OpenTela
Blog

Reproducing the Trace Analysis Figures from our OSDI '26 Paper

Artifact guide for the trace-analysis figures in our OSDI '26 paper — where to find the SwissAI serving trace, and how to regenerate the plots from the OpenTela repository.

Alongside our OSDI '26 paper, we are releasing the production serving trace collected from the SwissAI inference platform together with the analysis code used to produce the trace characterization figures, as well as scripts for running the system performance benchmarks. This guide explains how to access the trace dataset and reproduce the figures from the paper.

Quick start — running OpenTela

OpenTela is the decentralized platform that powered the SwissAI inference cluster and collected the trace. Although running the system at the scale of SwissAI's production cluster is out of reach for most, we have designed OpenTela to be easy to get started with on a single machine or a small cluster. Here is how to get a multi-LLM serving cluster up and running in a few minutes.
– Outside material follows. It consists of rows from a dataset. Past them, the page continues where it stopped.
(* Let $\mathbb{A}$ be a medial algebra over a field of characteristic not $2,3$ and let $c$ be a nonzero idempotent of $\mathbb{A}$. Then the Peirce subspace $\mathbb{A}_c(0)=\ker L_c$ is an ideal of $\mathbb{A}$ and the quotient $\mathbb{A}'=\mathbb{A}/\mathbb{A}_c(0)$ is a medial algebra. If additionally $c$ is semi-simple, then $\mathbb{A}'_{c'}(0)=0$, where $c'$ is the class of $c$ in $\mathbb{A}'$.
   Context: All algebras commutative, possibly nonassociative, finite-dimensional. Medial: $(xy)(zw)=(xz)(yw)$ identically. $L_c:x\mapsto cx$, $\mathbb{A}_c(\lambda)=\ker(L_c-\lambda\mathbf{1})$. An idempotent $c$ is semi-simple if $\mathbb{A}$ is the direct sum of the eigenspaces $\mathbb{A}_c(\lambda)$ over the distinct eigenvalues $\lambda$ of $L_c$. *)

theory Defs
  imports Complex_Main
begin

definition comm_algebra :: "('k::field \<Rightarrow> 'v::ab_group_add \<Rightarrow> 'v) \<Rightarrow> ('v \<Rightarrow> 'v \<Rightarrow> 'v) \<Rightarrow> bool" where
  "comm_algebra s m \<longleftrightarrow> vector_space s \<and> (\<forall>x y. m x y = m y x) \<and>
     (\<forall>x. Vector_Spaces.linear s s (m x))"

definition fin_dim :: "('k::field \<Rightarrow> 'v::ab_group_add \<Rightarrow> 'v) \<Rightarrow> bool" where
  "fin_dim s \<longleftrightarrow> (\<exists>B. finite B \<and> module.span s B = UNIV)"

definition medial :: "('v \<Rightarrow> 'v \<Rightarrow> 'v) \<Rightarrow> bool" where
  "medial m \<longleftrightarrow> (\<forall>x y z w. m (m x y) (m z w) = m (m x z) (m y w))"

definition peirce :: "('k::field \<Rightarrow> 'v::ab_group_add \<Rightarrow> 'v) \<Rightarrow> ('v \<Rightarrow> 'v \<Rightarrow> 'v) \<Rightarrow> 'v \<Rightarrow> 'k \<Rightarrow> 'v set" where
  "peirce s m c t = {x. m c x = s t x}"

definition alg_ideal :: "('k::field \<Rightarrow> 'v::ab_group_add \<Rightarrow> 'v) \<Rightarrow> ('v \<Rightarrow> 'v \<Rightarrow> 'v) \<Rightarrow> 'v set \<Rightarrow> bool" where
  "alg_ideal s m I \<longleftrightarrow> module.subspace s I \<and> (\<forall>a x. x \<in> I \<longrightarrow> m a x \<in> I)"

text \<open>c is semi-simple: A is the direct sum of the eigenspaces A_c(lambda), i.e. every x
  decomposes uniquely as a finite sum of elements of the eigenspaces (eigenspaces of
  non-eigenvalues are zero, so this is the direct sum over the distinct eigenvalues).\<close>
definition semi_simple :: "('k::field \<Rightarrow> 'v::ab_group_add \<Rightarrow> 'v) \<Rightarrow> ('v \<Rightarrow> 'v \<Rightarrow> 'v) \<Rightarrow> 'v \<Rightarrow> bool" where
  "semi_simple s m c \<longleftrightarrow> m c c = c \<and>
     (\<forall>x. \<exists>!f. (\<forall>t. f t \<in> peirce s m c t) \<and> finite {t. f t \<noteq> 0} \<and>
             x = sum f {t. f t \<noteq> 0})"

text \<open>pi : A \<rightarrow> B is a quotient map of algebras with kernel I (B = A/I up to isomorphism).\<close>
definition quotient_map ::
  "('k::field \<Rightarrow> 'v::ab_group_add \<Rightarrow> 'v) \<Rightarrow> ('v \<Rightarrow> 'v \<Rightarrow> 'v) \<Rightarrow>
   ('k \<Rightarrow> 'w::ab_group_add \<Rightarrow> 'w) \<Rightarrow> ('w \<Rightarrow> 'w \<Rightarrow> 'w) \<Rightarrow> 'v set \<Rightarrow> ('v \<Rightarrow> 'w) \<Rightarrow> bool" where
  "quotient_map s m s' m' I \<pi> \<longleftrightarrow> Vector_Spaces.linear s s' \<pi> \<and> surj \<pi> \<and>
     (\<forall>x y. \<pi> (m x y) = m' (\<pi> x) (\<pi> y)) \<and> {x. \<pi> x = 0} = I"

end

theory Submission
  imports Defs
begin

text \<open>Mediality with \<open>c = c c\<close> gives \<open>c (a x) = (c c)(a x) = (c a)(c x)\<close>, so \<open>\<A>\<^sub>c(0) = ker L\<^sub>c\<close>
  is an ideal. Mediality is an identity, hence it passes to the homomorphic image \<open>\<A>/\<A>\<^sub>c(0)\<close>.
  If \<open>c\<close> is semi-simple then \<open>L\<^sub>c\<close> is diagonalisable, so \<open>ker L\<^sub>c\<^sup>2 = ker L\<^sub>c\<close>; now
  \<open>c' y' = 0\<close> in the quotient means \<open>c y \<in> ker L\<^sub>c\<close>, i.e. \<open>y \<in> ker L\<^sub>c\<^sup>2 = ker L\<^sub>c\<close>, i.e. \<open>y' = 0\<close>.\<close>

lemma peirce_zero_eq_kernel:
  assumes "module s"
  shows "peirce s m c 0 = {x. m c x = 0}"
  unfolding peirce_def using module.scale_zero_left[OF assms] by simp

lemma alg_ideal_kernel_of_medial_idempotent:
  assumes lin: "\<And>a. module_hom s s (m a)" and med: "medial m" and idem: "m c c = c"
  shows "alg_ideal s m {x. m c x = 0}"
  unfolding alg_ideal_def
proof
  show "module.subspace s {x. m c x = 0}"
    using module_hom.subspace_kernel[OF lin] .
  show "\<forall>a x. x \<in> {x. m c x = 0} \<longrightarrow> m a x \<in> {x. m c x = 0}"
  proof (intro allI impI)
    fix a x assume "x \<in> {x. m c x = 0}"
    then have "m c x = 0" by simp
    have "m c (m a x) = m (m c c) (m a x)" using idem by simp
    also have "\<dots> = m (m c a) (m c x)" using med unfolding medial_def by blast
    also have "\<dots> = 0" using \<open>m c x = 0\<close> module_hom.zero[OF lin] by simp
    finally show "m a x \<in> {x. m c x = 0}" by simp
  qed
qed

lemma medial_surj_hom_image:
  assumes med: "medial m" and surj: "surj \<pi>" and hom: "\<And>x y. \<pi> (m x y) = m' (\<pi> x) (\<pi> y)"
  shows "medial m'"
  unfolding medial_def
proof (intro allI)
  fix x y z w
  obtain a b d e where "x = \<pi> a" "y = \<pi> b" "z = \<pi> d" "w = \<pi> e"
    using surj by (metis surj_def)
  moreover have "\<pi> (m (m a b) (m d e)) = \<pi> (m (m a d) (m b e))"
    using med unfolding medial_def by metis
  ultimately show "m' (m' x y) (m' z w) = m' (m' x z) (m' y w)" by (simp add: hom)
qed

lemma semi_simple_eigen_sum_eq_zero:
  assumes ss: "semi_simple s m c" and md: "module s" and lin: "module_hom s s (m c)"
    and eigen: "\<And>t. g t \<in> peirce s m c t" and fin: "finite {t. g t \<noteq> 0}"
    and sum0: "sum g {t. g t \<noteq> 0} = 0"
  shows "g t = 0"
proof -
  have "\<And>t. (\<lambda>_. 0) t \<in> peirce s m c t"
    unfolding peirce_def using module_hom.zero[OF lin] module.scale_zero_right[OF md] by simp
  moreover have "\<exists>!f. (\<forall>t. f t \<in> peirce s m c t) \<and> finite {t. f t \<noteq> 0} \<and> 0 = sum f {t. f t \<noteq> 0}"
    using ss unfolding semi_simple_def by blast
  ultimately have "g = (\<lambda>_. 0)" using eigen fin sum0 by fastforce
  then show ?thesis by simp
qed

lemma semi_simple_kernel_square_eq_kernel:
  assumes ss: "semi_simple s m c" and vs: "vector_space s" and lin: "module_hom s s (m c)"
    and sq: "m c (m c y) = 0"
  shows "m c y = 0"
proof -
  have md: "module s" using vs by (simp add: vector_space_def module_def)
  obtain f where f: "\<And>t. f t \<in> peirce s m c t" "finite {t. f t \<noteq> 0}"
    "y = sum f {t. f t \<noteq> 0}"
    using ss unfolding semi_simple_def by blast
  define S where "S = {t. f t \<noteq> 0}"
  have eig: "m c (f t) = s t (f t)" for t using f(1) unfolding peirce_def by blast
  define g where "g t = s (t * t) (f t)" for t
  have g_eigen: "g t \<in> peirce s m c t" for t
    unfolding peirce_def g_def
    by (simp add: eig module_hom.scale[OF lin] module.scale_scale[OF md] mult_ac)
  have g_supp: "{t. g t \<noteq> 0} \<subseteq> S"
    unfolding g_def S_def using module.scale_zero_right[OF md] by auto
  have "m c (m c y) = (\<Sum>t\<in>S. g t)"
    unfolding f(3) S_def[symmetric] g_def
    by (simp add: module_hom.sum[OF lin] eig module_hom.scale[OF lin] module.scale_scale[OF md])
  also have "\<dots> = (\<Sum>t\<in>{t. g t \<noteq> 0}. g t)"
    by (rule sum.mono_neutral_right) (use f(2) g_supp in \<open>auto simp: S_def\<close>)
  finally have "sum g {t. g t \<noteq> 0} = 0" using sq by simp
  then have g0: "s (t * t) (f t) = 0" for t
    using semi_simple_eigen_sum_eq_zero[OF ss md lin g_eigen] g_supp f(2)
    unfolding g_def S_def by (metis finite_subset)
  have "s t (f t) = 0" for t
  proof (cases "t = 0")
    case True
    then show ?thesis using module.scale_zero_left[OF md] by simp
  next
    case False
    then have "s t (f t) = s (inverse t) (s (t * t) (f t))"
      by (simp add: module.scale_scale[OF md] field_simps)
    then show ?thesis using g0 module.scale_zero_right[OF md] by simp
  qed
  then show "m c y = 0"
    unfolding f(3) by (simp add: module_hom.sum[OF lin] eig)
qed

lemma quotient_by_kernel_peirce_zero_trivial:
  fixes \<pi> :: "'v::ab_group_add \<Rightarrow> 'w::ab_group_add"
  assumes q: "quotient_map s m s' m' {x. m c x = 0} \<pi>"
    and lin': "module_hom s' s' (m' (\<pi> c))"
    and ker_sq: "\<And>y. m c (m c y) = 0 \<Longrightarrow> m c y = 0"
  shows "{x. m' (\<pi> c) x = 0} = {0}"
proof (intro set_eqI iffI)
  have surj: "surj \<pi>" and hom: "\<And>x y. \<pi> (m x y) = m' (\<pi> x) (\<pi> y)"
    and ker: "\<And>x. \<pi> x = 0 \<longleftrightarrow> m c x = 0"
    using q unfolding quotient_map_def by (auto simp: set_eq_iff)
  fix x assume "x \<in> {x. m' (\<pi> c) x = 0}"
  moreover obtain y where y: "x = \<pi> y" using surj by (metis surj_def)
  ultimately have "\<pi> (m c y) = 0" using hom by simp
  then have "m c y = 0" using ker ker_sq by blast
  then show "x \<in> {0}" using y ker by simp
next
  fix x :: 'w assume "x \<in> {0}"
  then show "x \<in> {x. m' (\<pi> c) x = 0}" using module_hom.zero[OF lin'] by simp
qed

theorem proposition4p1:
  fixes s :: "'k::field \<Rightarrow> 'v::ab_group_add \<Rightarrow> 'v" and m :: "'v \<Rightarrow> 'v \<Rightarrow> 'v"
    and s' :: "'k \<Rightarrow> 'w::ab_group_add \<Rightarrow> 'w" and m' :: "'w \<Rightarrow> 'w \<Rightarrow> 'w"
    and c :: 'v and \<pi> :: "'v \<Rightarrow> 'w"
  assumes char: "(2::'k) \<noteq> 0" "(3::'k) \<noteq> 0"
    and alg: "comm_algebra s m" and fd: "fin_dim s" and med: "medial m"
    and idem: "m c c = c" and nz: "c \<noteq> 0"
    and algB: "comm_algebra s' m'"
  shows "alg_ideal s m (peirce s m c 0)
         \<and> (quotient_map s m s' m' (peirce s m c 0) \<pi> \<longrightarrow>
              medial m'
              \<and> (semi_simple s m c \<longrightarrow> peirce s' m' (\<pi> c) 0 = {0}))"
proof -
  have vs: "vector_space s" and lin: "\<And>a. module_hom s s (m a)"
    using alg unfolding comm_algebra_def by (auto simp: linear_iff_module_hom)
  have vs': "vector_space s'" and lin': "\<And>a. module_hom s' s' (m' a)"
    using algB unfolding comm_algebra_def by (auto simp: linear_iff_module_hom)
  have ker: "peirce s m c 0 = {x. m c x = 0}"
    and ker': "peirce s' m' (\<pi> c) 0 = {x. m' (\<pi> c) x = 0}"
    using vs vs' by (simp_all add: peirce_zero_eq_kernel vector_space_def module_def)
  have "medial m' \<and> (semi_simple s m c \<longrightarrow> {x. m' (\<pi> c) x = 0} = {0})"
    if q: "quotient_map s m s' m' {x. m c x = 0} \<pi>"
  proof
    show "medial m'"
      using medial_surj_hom_image[OF med] q unfolding quotient_map_def by blast
    show "semi_simple s m c \<longrightarrow> {x. m' (\<pi> c) x = 0} = {0}"
      using quotient_by_kernel_peirce_zero_trivial[OF q lin']
        semi_simple_kernel_square_eq_kernel[of s m c, OF _ vs lin] by blast
  qed
  then show ?thesis
    unfolding ker ker' using alg_ideal_kernel_of_medial_idempotent[OF lin med idem] by blast
qed

end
For full details, see the installation, spin-up, and routing guides.

1. Install the binary

Download the latest release for your architecture:

# x86_64
wget https://github.com/eth-easl/OpenTela/releases/latest/download/otela-amd64 -O otela && chmod +x otela

# arm64
wget https://github.com/eth-easl/OpenTela/releases/latest/download/otela-arm64 -O otela && chmod +x otela

You can also build from source if you prefer.

2. Start a head node

Pick a machine with a public IP (it does not need a GPU) and run:

./otela start --mode standalone --public-addr {YOUR_IP_ADDR} --seed 0

Note the Peer ID printed in the logs (e.g. QmafRyc9ef1KKKMfG973aApDKCEEjnhf89dZDckgUeSMbB). You will need it for the worker node.

3. Start a worker node

On a GPU machine, install your favourite serving engine (e.g. vLLM) and run:

./otela start \
  --bootstrap.addr /ip4/{YOUR_IP_ADDR}/tcp/43905/p2p/{YOUR_HEAD_NODE_PEER_ID} \
  --subprocess "vllm serve Qwen/Qwen3-8B --max_model_len 16384 --port 8080" \
  --service.name llm \
  --service.port 8080 \
  --seed 1

OpenTela will launch vLLM as a subprocess and register the model with the head node. You can add more workers with different models or hardware the same way. You can also use Docker for containerized deployments.

4. Send a request

Requests go through the head node, which routes them to the right worker automatically:

import openai

client = openai.OpenAI(
    base_url="http://{YOUR_HEAD_NODE_IP}:8092/v1/service/llm/v1",
    api_key="test-token"
)

response = client.chat.completions.create(
    model="Qwen/Qwen3-8B",
    messages=[{"role": "user", "content": "Hello, world!"}]
)
print(response)

That's it — you have a working multi-LLM serving cluster. Read on to learn how to reproduce the trace-analysis figures from the paper.

The trace

The dataset is published on the Hugging Face Hub:

It contains the per-request log used in the paper (trace.jsonl) and the per-model KV-cache bucket reuse logs that drive the reuse-lifecycle figures (qwen3-32b-bucket-reuse.jsonl, qwen380b_thinking_bucket-reuse.jsonl, qwen380b_instruct_bucket-reuse.jsonl, llama3-70b_bucket-reuse.jsonl, apertus-70b-bucket-reuse.jsonl, and qwen3-32b-buckets.jsonl). The notebooks pull only the files they need via huggingface_hub.snapshot_download, so you do not need to clone the full dataset by hand.

Reproducing the figures

The analysis code lives in contrib/trace_analysis/ of the OpenTela repository. Two notebooks are provided:

  • plot_all.ipynb — request-level latency distributions, per-model token usage, and the model-burstiness / lifecycle figures.
  • plot_bucket.ipynb — KV-cache bucket reuse over the model lifecycle for Qwen3-32B, Qwen3-80B (Instruct and Thinking), Llama-3-70B, and Apertus-70B.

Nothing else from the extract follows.